WHEREAS, the Company desires professional guidance and advice regarding
Energy Exploration and Development and desires Consultant to aid it in business
matters; and
WHEREAS, Consultant has expertise in the area of oil and gas
exploration and project development and implementation; and is willing to act as
consultant to the Company upon the terms and conditions set forth in this
Agreement;
WHEREAS, Consultant is to be hereby engaged to act as Chief Operating
Officer ("COO") of Sun River Energy, Inc. on a part-time basis.
NOW, THEREFORE, in consideration of the foregoing and the mutual
promises herein contained, the parties hereto agree as follows:
1. Duties, Scope of Agreement, and Relationship of the Parties
(a) The company hereby agrees to retain Consultant as President,
consistent with Consultant's expertise and ability in oil and gas exploration
and Consultant agrees to so act for the Company during the term of this
Agreement under the Job Description attached as Exhibit A. All parties
understand that Consultant has many other business interests and will devote as
much time as in his discretion as necessary to perform his duties under this
Agreement. In addition, the Company understands that consultant's efforts on
behalf of his other interests are the sole and separate property of Consultant.

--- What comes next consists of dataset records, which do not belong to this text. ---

lemma msg_step_confined:
  assumes "finite A" "confined A c" "msg_step c c'"
  shows "confined A c'"
proof -
  obtain k P where kP: "(k, P) \<in># snd c" and c': "c' = deliver k P c"
    using assms(3) by (auto simp: msg_step_iff_deliver)
  have blocks: "\<forall>i\<in>A. fst c i \<subseteq> A" and msgs: "set_mset (snd c) \<subseteq> A \<times> Pow A"
    using assms(2) by (simp_all add: confined_def)
  with kP have "k \<in> A" "P \<subseteq> A"
    by auto
  then have "finite (P - fst c k)"
    using assms(1) finite_subset by blast
  then have "set_mset (snd (receive k P (fst c))) \<subseteq> A \<times> Pow A"
    using \<open>k \<in> A\<close> \<open>P \<subseteq> A\<close> blocks by (auto simp: receive_def)
  moreover have "\<forall>i\<in>A. fst (receive k P (fst c)) i \<subseteq> A"
    using \<open>P \<subseteq> A\<close> blocks by (simp add: receive_def)
  moreover have "set_mset (snd c - {#(k, P)#}) \<subseteq> A \<times> Pow A"
    using msgs by (meson in_diffD subset_eq)
  ultimately show ?thesis
    by (simp add: c' confined_def deliver_def)
qed

lemma msg_steps_confined:
  assumes "finite A" "msg_step\<^sup>*\<^sup>* c c'" "confined A c"
  shows "confined A c'"
  using assms(2,3) by (induction rule: rtranclp_induct) (auto intro: msg_step_confined[OF assms(1)])

lemma set_mset_C2_msgs:
  assumes "finite A" "E \<subseteq> A \<times> A"
  shows "set_mset (C2_msgs A E pb) = {(j, pb i) | i j. (i, j) \<in> E}"
proof -
  have "finite (neighbours E i)" if "i \<in> A" for i
    using assms by (auto simp: neighbours_def intro: finite_subset)
  then show ?thesis
    using assms(2) by (auto simp: C2_msgs_def set_mset_sum[OF assms(1)] neighbours_def)
qed

lemma epoch_start_confined:
  assumes "finite A" "E \<subseteq> A \<times> A" "\<forall>i\<in>A. pb i \<subseteq> A"
  shows "confined A (after_C1 A pb, C2_msgs A E (after_C1 A pb))"
  using assms by (auto simp: confined_def after_C1_def set_mset_C2_msgs)

lemma execution_confined:
  assumes "finite A" "E \<subseteq> A \<times> A" "execution A E pbs" "i \<in> A"
  shows "pbs t i \<subseteq> A"
  using assms(4)
proof (induction t arbitrary: i)
  case 0
  then show ?case using assms(3) by (simp add: execution_def)
next
  case (Suc t)
  have "epoch A E (pbs t) (pbs (Suc t))"
    using assms(3) by (simp add: execution_def)
  then have "confined A (pbs (Suc t), {#})"
    using msg_steps_confined[OF assms(1)] epoch_start_confined[OF assms(1,2)] Suc.IH
    unfolding epoch_def by blast
  then show ?case using Suc.prems by (simp add: confined_def)
qed

lemma pending_msg_delivered:
  assumes "msg_step\<^sup>*\<^sup>* c c'" "snd c' = {#}" "(k, P) \<in># snd c"
  shows "\<exists>c1. msg_step\<^sup>*\<^sup>* c c1 \<and> (k, P) \<in># snd c1 \<and> msg_step\<^sup>*\<^sup>* (deliver k P c1) c'"
  using assms
proof (induction arbitrary: k P rule: converse_rtranclp_induct)
  case base
  then show ?case by simp
next
  case (step c c2)
  then obtain k' P' where "(k', P') \<in># snd c" and c2: "c2 = deliver k' P' c"
    by (auto simp: msg_step_iff_deliver)
  show ?case
  proof (cases "(k, P) = (k', P')")
    case True
    then show ?thesis
      using step.hyps(2) step.prems(2) c2 by blast
  next
    case False
    then have "(k, P) \<in># snd c2"
      using step.prems(2) by (auto simp: c2 deliver_def in_diff_count)
    then obtain c1 where "msg_step\<^sup>*\<^sup>* c2 c1" "(k, P) \<in># snd c1" "msg_step\<^sup>*\<^sup>* (deliver k P c1) c'"
      using step.IH step.prems(1) by blast
    then show ?thesis
      using step.hyps(1) by (meson converse_rtranclp_into_rtranclp)
  qed
qed

definition absorbs :: "('a \<Rightarrow> 'a set) \<Rightarrow> ('a \<times> 'a set) set \<Rightarrow> bool" where
  "absorbs S M \<longleftrightarrow>
     (\<forall>(k, P)\<in>M. fst (receive k P S) k = S k \<and> set_mset (snd (receive k P S)) \<subseteq> M)"

lemma absorbs_no_growth:
  assumes "absorbs S M" "(k, P) \<in> M"
  shows "card (P - {k}) \<le> card (S k - {k})"
proof (rule ccontr)
  assume "\<not> ?thesis"
  then have "fst (receive k P S) k = P" and "P \<noteq> S k"
    by (auto simp: receive_def)
  with assms show False
    by (auto simp: absorbs_def)
qed

lemma absorbs_forward:
  assumes "absorbs S M" "(k, P) \<in> M" "finite P"
    and "card (P - {k}) = card (S k - {k})" "x \<in> P" "x \<notin> S k"
  shows "(x, S k) \<in> M"
proof -
  have "snd (receive k P S) = image_mset (\<lambda>x. (x, S k)) (mset_set (P - S k))"
    using assms(4-6) by (auto simp: receive_def)
  moreover have "(x, S k) \<in># image_mset (\<lambda>x. (x, S k)) (mset_set (P - S k))"
    using assms(3,5,6) by simp
  ultimately have "(x, S k) \<in># snd (receive k P S)"
    by simp
  then show ?thesis
    using assms(1,2) by (auto simp: absorbs_def)
qed

lemma connected_undirected_const:
  assumes "connected_undirected A E" "\<And>i j. (i, j) \<in> E \<Longrightarrow> f i = f j" "i \<in> A" "j \<in> A"
  shows "f i = f j"
proof -
  have "(i, j) \<in> E\<^sup>*"
    using assms(1,3,4) by (simp add: connected_undirected_def)
  then show ?thesis
    by (induction rule: rtrancl_induct) (simp_all add: assms(2))
qed

lemma absorbs_card_lt:
  assumes "absorbs S M" "(k, P) \<in> M" "k \<in> S k" "finite (S k)"
  shows "card (P - {k}) < card (S k)"
proof -
  have "card (S k - {k}) < card (S k)"
    using card_Diff1_less[OF assms(4,3)] .
  then show ?thesis
    using absorbs_no_growth[OF assms(1,2)] by linarith
qed
lemma degree_twin_cliques_le:
  assumes "n \<ge> 3" "v < 2 * n"
  shows "degree (twin_cliques n) v \<le> n + 2"
proof -
  define across where "across = bridge n - clique_of n v"
  have "nbhd (twin_cliques n) v \<subseteq> (clique_of n v - {v}) \<union> across"
    unfolding nbhd_twin_cliques across_def by (auto simp: twin_adj_def clique_of_def)
  then have "degree (twin_cliques n) v \<le> card ((clique_of n v - {v}) \<union> across)"
    unfolding degree_def by (rule card_mono[rotated]) (simp add: across_def bridge_def clique_of_def)
  also have "\<dots> \<le> card (clique_of n v - {v}) + card across"
    by (rule card_Un_le)
  finally have "degree (twin_cliques n) v \<le> card (clique_of n v - {v}) + card across" .
  moreover have "card across \<le> 3"
    unfolding across_def bridge_def clique_of_def
    by (rule order_trans[OF card_mono[of "if v < n then {n, n + 1, n + 2} else {0, 1, 2}"]])
       (use assms(1) in \<open>auto simp: card_insert_if\<close>)
  ultimately show ?thesis
    using card_clique_of[OF assms(2)] assms(2) by (simp add: clique_of_def)
qed

lemma min_degree_twin_cliques:
  assumes "n \<ge> 1"
  shows "n - 1 \<le> min_degree (twin_cliques n)"
  using assms degree_twin_cliques_ge[of _ n] by (intro min_degree_ge) auto

lemma edge_connectivity_twin_cliques:
  assumes "n \<ge> 3"
  shows "edge_connectivity (twin_cliques n) \<le> 9"
proof -
  define F where "F = (\<lambda>(a, b). {a, b}) ` ({0, 1, 2} \<times> {n, n + 1, n + 2})"
  have "card F \<le> 9"
    unfolding F_def by (rule order_trans[OF card_image_le]) (auto simp: card_cartesian_product)
  moreover have F: "F \<subseteq> edges (twin_cliques n)"
    unfolding F_def using assms by (auto simp: twin_adj_def bridge_def)
  moreover have "x < n \<longleftrightarrow> y < n" if "{x, y} \<in> edges (twin_cliques n) - F" for x y
  proof (rule ccontr)
    assume "(x < n) \<noteq> (y < n)"
    with that have "x \<in> bridge n" "y \<in> bridge n"
      by (auto simp: twin_adj_def)
    then have "x \<in> {0, 1, 2} \<and> y \<in> {n, n + 1, n + 2} \<or> y \<in> {0, 1, 2} \<and> x \<in> {n, n + 1, n + 2}"
      using \<open>(x < n) \<noteq> (y < n)\<close> assms by (auto simp: bridge_def)
    moreover have "{x, y} = (\<lambda>(a, b). {a, b}) (x, y)" "{x, y} = (\<lambda>(a, b). {a, b}) (y, x)"
      by (simp_all add: insert_commute)
    ultimately have "{x, y} \<in> F"
      unfolding F_def by (metis SigmaI image_eqI)
    with that show False by simp
  qed
  then have "\<not> connected (verts (twin_cliques n), edges (twin_cliques n) - F)"
    using assms by (intro not_connected_if_no_crossing_edge[where a = 0 and b = n and A = "{..<n}"]) auto
  ultimately show ?thesis
    using edge_connectivity_le_cut[OF F] by simp
qed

(b) The services rendered by consultant to the company pursuant to this
Agreement shall be as an independent contractor at times and dates convenient to
Consultant, and this Agreement does not make Consultant the employee of the
Company for any purpose whatsoever. No right or authority is granted to
Consultant to assume or to create any obligation or responsibility, in excess of
$10,000, express or implied, on behalf of or in the name of the company, expect
as authorized by Resolution of the Board of Directors. The Company shall not
withhold for Consultant any federal or state taxes from the amounts to be paid
to consultant hereunder, and Consultant agrees that he will pay all taxes due on
such amounts.
(c) Consultant agrees to make available to Company his services as
President on an as needed basis on reasonable request. Consultant shall provide
planning and other advisory services as are necessary to carryout the business
of the Company.
2. Compensation
(a) The Company will pay $8,333.34 per month on the 15th day of each month to
Consultant as a consulting fee and 15,000 restricted shares of the Company's
common stock, issued each quarter subject to continued employment through the
end of each succeeding quarter, as detailed in Exhibit "B".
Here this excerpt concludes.